Bal-Umang

Bal-Umang

Women are the backbone for the country’s development

By Dilmaya Devkota 

Dilmaya Devkota

Everywhere civilization began with agriculture. When our nomadic ancestors began to settle and grow their own food, human society changed. Not only did villages, towns and cities begin to flourish, but knowledge, arts and the technological sciences also turned out to be new. No matter how sophisticated human civilization becomes, one cannot ignore the importance of agriculture. In the late 1980s, it was the livelihood for more than 90 percent of the population, although only 20 percent of the total land area was cultivable, which accounted about 60 percent of the GDP.

Agriculture, which is the basis of life, seems to be more dependent on the female population of the world. In recent times, more and more women have been incolved in agriculture–they comprise 43 percent of the world’s agricultural labour force, which rises up to 70 percent in some countries.

In Nepal, women involvement had increased from 36 percent in 1981 to 45 percent in 1991 and by 2017 it had reached over 50 percent. In Africa, 80 percent of the agricultural production comes from small farmers, who are mostly rural women. This shows that, women comprise the largest percentage of the workforce in the agricultural sector, but do not have access and control over land and productive resources adding to the drudgery of women in agriculture.

Credit not given

Women are the backbone for development of rural and national economies. Especially rural women are the major contributor behind this. They play a vital role in advancing agricultural development, food security and nutritional outcomes. Yet, despite their important role in all sectors of development, they suffer from highest illiteracy rates and are the most visible face of poverty.

Rural women have to walk long distances to carry water and fetch firewood, which is harmful to their health, causing high rates of infant and maternal mortality and reversing progress in education, endangering food sovereignty, as well as food security and nutrition. They participate in all aspects of rural life, including paid employment, trade, marketing as well as caring for family members. Consequently, they face multiple constraints in many of the activities they pursue, which limit their productivity.

Compared to men, women tend to own less land, have limited ability to hire labour, and have impeded access to credit, extension and other training services. One of the major reasons behind drudgery for women is the mass exodus of young, energetic men to foreign countries which forced the women in the family to shoulder all responsibilities of the household.

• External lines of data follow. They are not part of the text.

(* Let $\lambda>0$, $\gamma>0$, and let $\beta_1=\beta_1(\gamma)$ be the unique positive solution of $\frac{\sqrt\pi}{2}\gamma x(1+x)^{1/2}(3+x)=1$. If $0\le\beta<\beta_1$, then the problem \begin{align*} &[(1+\beta y(\eta))y'(\eta)]'+2\eta y'(\eta)=0, \quad 0<\eta<\lambda,\\ &y'(0)+\beta y(0)y'(0)-\gamma y(0)=0,\\ &y(\lambda)=1, \end{align*} has a unique non-negative analytic solution $y:[0,\lambda]\to\mathbb{R}$.
   Context: The solution is called the generalized modified error (GME) function. *)

theory Defs
  imports "HOL-Analysis.Analysis"
begin

definition real_analytic_on :: "(real \<Rightarrow> real) \<Rightarrow> real set \<Rightarrow> bool" where
  "real_analytic_on y S \<longleftrightarrow>
     (\<forall>x\<in>S. \<exists>r>0. \<exists>a::nat \<Rightarrow> real.
        \<forall>t\<in>S. \<bar>t - x\<bar> < r \<longrightarrow> (\<lambda>n. a n * (t - x) ^ n) sums y t)"

definition solves_problem :: "real \<Rightarrow> real \<Rightarrow> real \<Rightarrow> (real \<Rightarrow> real) \<Rightarrow> bool" where
  "solves_problem lam \<beta> \<gamma> y \<longleftrightarrow>
     (\<exists>y'. (\<forall>\<eta>\<in>{0..lam}. (y has_real_derivative y' \<eta>) (at \<eta> within {0..lam}))
        \<and> (\<forall>\<eta>\<in>{0<..<lam}.
              ((\<lambda>t. (1 + \<beta> * y t) * y' t) has_real_derivative (- 2 * \<eta> * y' \<eta>)) (at \<eta>))
        \<and> y' 0 + \<beta> * y 0 * y' 0 - \<gamma> * y 0 = 0
        \<and> y lam = 1)"

end

theory Submission
  imports Defs "HOL-Complex_Analysis.Complex_Analysis"
begin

However, on the brighter side, studies show that women are more likely than men to reinvest back into their household to support the family’s nutritional needs, healthcare and school fees and become self-dependent. Despite this fact, work is created to burden women, which disturbs them mentally, physically as well as spiritually.

Women face barriers that significantly constrain their production and entangle them in a low productivity trap. These barriers encompass societal norms, the gender division of labour, resource constraints (access to and use of land), no or low use of inputs (e.g. new agricultural machinery), and limited access to climate services and agro-advisories.

The way forward

As climate change is becoming a reality, these barriers will further constrain women’s ability to adapt, and the gender gap in agriculture will continue to widen. So, Gender responsive climate-smart agricultural (CSA) practices and technologies should be provided to close the gender gap as well as bring women into the forefront in the fight against climate change.

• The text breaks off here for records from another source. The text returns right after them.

(* Let $L\subseteq Q$ be an extension of Lie algebras over $\Phi$ such that $Q$ is a weak algebra of quotients of $L$ and $L$ is strongly non-degenerate. Then: (i) $Q$ is strongly non-degenerate; (ii) $\mathrm{Ann}_Q(L)=\mathrm{QAnn}_Q(L)=0$.
   Context: $\Phi$ is a unital commutative ring in which $2$ and $3$ are invertible; all algebras are $\Phi$-modules. An extension of Lie algebras $L\subseteq Q$ means $L$ is a Lie subalgebra of $Q$. $Q$ is a weak algebra of quotients of $L$ if for every non-zero $q\in Q$ there exists $x\in L$ with $0\neq [x,q]\in L$. An element $x$ of a Lie algebra $M$ is an absolute zero divisor if $[x,[x,M]]=0$; $M$ is strongly non-degenerate if it has no non-zero absolute zero divisors. For subsets $X,Y$ of a Lie algebra, $\mathrm{Ann}_X(Y)=\{x\in X: [x,Y]=0\}$ and $\mathrm{QAnn}_X(Y)=\{x\in X: [x,[x,Y]]=0\}$. *)

theory Defs
  imports Complex_Main
begin

text \<open>A Lie algebra over the commutative ring 'r (playing the role of Phi):
  the carrier is the whole type 'q, a module via scale, with bracket br.\<close>
definition lie_algebra :: "('r::comm_ring_1 \<Rightarrow> 'q::ab_group_add \<Rightarrow> 'q) \<Rightarrow> ('q \<Rightarrow> 'q \<Rightarrow> 'q) \<Rightarrow> bool" where
  "lie_algebra scale br \<longleftrightarrow>
     module scale \<and>
     (\<forall>x y z. br (x + y) z = br x z + br y z) \<and>
     (\<forall>x y z. br x (y + z) = br x y + br x z) \<and>
     (\<forall>a x y. br (scale a x) y = scale a (br x y)) \<and>
     (\<forall>a x y. br x (scale a y) = scale a (br x y)) \<and>
     (\<forall>x. br x x = 0) \<and>
     (\<forall>x y z. br x (br y z) + br y (br z x) + br z (br x y) = 0)"

definition lie_subalgebra :: "('r::comm_ring_1 \<Rightarrow> 'q::ab_group_add \<Rightarrow> 'q) \<Rightarrow> ('q \<Rightarrow> 'q \<Rightarrow> 'q) \<Rightarrow> 'q set \<Rightarrow> bool" where
  "lie_subalgebra scale br L \<longleftrightarrow>
     module.subspace scale L \<and> (\<forall>x\<in>L. \<forall>y\<in>L. br x y \<in> L)"

definition weak_algebra_of_quotients :: "('q::ab_group_add \<Rightarrow> 'q \<Rightarrow> 'q) \<Rightarrow> 'q set \<Rightarrow> bool" where
  "weak_algebra_of_quotients br L \<longleftrightarrow>
     (\<forall>q. q \<noteq> 0 \<longrightarrow> (\<exists>x\<in>L. br x q \<noteq> 0 \<and> br x q \<in> L))"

Women should be trained and should be allowed to share their difficulties and ideas. Change of work/ promotions in work-stages must be allowed that avoids gender-bias fear among women and they should be assured that they are par with men in work and payment. Gender friendly farm equipment are most important in reducing drudgery for farm women, particularly the hand held small equipment and tools must be developed, popularized and made available at reasonable cost to the women so that it can help reduce their drudgery.

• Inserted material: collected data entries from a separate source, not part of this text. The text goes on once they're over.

(* There is an absolute constant $c>0$ such that the following holds. Let $T$ be a directed tree with degree $d\ge 3$ and let $\ell\ge 1$ be the length of a longest directed path in $T$. Then the span of $T$ is at most $c\,(d-1)^{\ell}$; that is, the span of $T$ is in $O((d-1)^\ell)$.
   Context: A directed tree is a DAG (directed acyclic graph) whose underlying undirected graph is a tree. The degree of a vertex is its total number of incident edges; the degree of a graph is the maximum degree of its vertices. The length of a directed path is its number of edges. An upward-planar layered drawing of a DAG $G$ maps each vertex $v$ to a point in the plane whose y-coordinate $y(v)$ is an integer, and each edge $(u,v)$ (directed from tail $u$ to head $v$) to a strictly y-monotone curve going upward from $u$ to $v$ (so $y(u)<y(v)$), such that no two edges intersect except at common endpoints. The span of an edge $(u,v)$ in such a drawing $\Gamma$ is $y(v)-y(u)$; the span of $\Gamma$ is the maximum span of its edges; the span of an upward-planar DAG is the minimum span over all its upward-planar layered drawings (no embedding prescribed). *)

theory Defs
  imports "HOL-Analysis.Analysis"
begin

text \<open>Directed graphs are given by a vertex set V and an edge set E of ordered pairs (tail, head).\<close>

definition directed_tree :: "'a set \<Rightarrow> ('a \<times> 'a) set \<Rightarrow> bool" where
  "directed_tree V E \<longleftrightarrow>
     finite V \<and> V \<noteq> {} \<and> E \<subseteq> V \<times> V \<and> acyclic E \<and>
     (\<forall>u\<in>V. \<forall>v\<in>V. (u, v) \<in> (E \<union> E\<inverse>)\<^sup>*) \<and>
     card E + 1 = card V"

definition vdegree :: "('a \<times> 'a) set \<Rightarrow> 'a \<Rightarrow> nat" where
  "vdegree E v = card {e \<in> E. fst e = v \<or> snd e = v}"

definition graph_degree :: "'a set \<Rightarrow> ('a \<times> 'a) set \<Rightarrow> nat" where
  "graph_degree V E = Max (vdegree E ` V)"

definition dpath :: "'a set \<Rightarrow> ('a \<times> 'a) set \<Rightarrow> 'a list \<Rightarrow> bool" where
  "dpath V E p \<longleftrightarrow> p \<noteq> [] \<and> set p \<subseteq> V \<and> (\<forall>i < length p - 1. (p ! i, p ! Suc i) \<in> E)"

definition longest_path_length :: "'a set \<Rightarrow> ('a \<times> 'a) set \<Rightarrow> nat" where
  "longest_path_length V E = Max {length p - 1 | p. dpath V E p}"

definition upward_layered_drawing ::
  "'a set \<Rightarrow> ('a \<times> 'a) set \<Rightarrow> ('a \<Rightarrow> real) \<Rightarrow> ('a \<Rightarrow> int) \<Rightarrow> ('a \<times> 'a \<Rightarrow> real \<Rightarrow> real \<times> real) \<Rightarrow> bool" where
  "upward_layered_drawing V E px py g \<longleftrightarrow>
     inj_on (\<lambda>v. (px v, real_of_int (py v))) V \<and>
     (\<forall>(u, v) \<in> E.
        path (g (u, v)) \<and>
        pathstart (g (u, v)) = (px u, real_of_int (py u)) \<and>
        pathfinish (g (u, v)) = (px v, real_of_int (py v)) \<and>
        strict_mono_on {0..1} (\<lambda>t. snd (g (u, v) t))) \<and>
     (\<forall>e \<in> E. \<forall>e' \<in> E. e \<noteq> e' \<longrightarrow>
        path_image (g e) \<inter> path_image (g e') \<subseteq>
          (\<lambda>v. (px v, real_of_int (py v))) ` ({fst e, snd e} \<inter> {fst e', snd e'}))"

The cultural background of most of our fisher folk, farmers and pastoralists have prohibited women from doing certain activities or playing different roles. Some of these roles need to change. Drudgery which means hard work, monotony, time consuming, use of traditional tools with inappropriate working posture in field, might be supressed to some extent through use of technology. But changing the mind-set is imperative to reduce drudgery for women.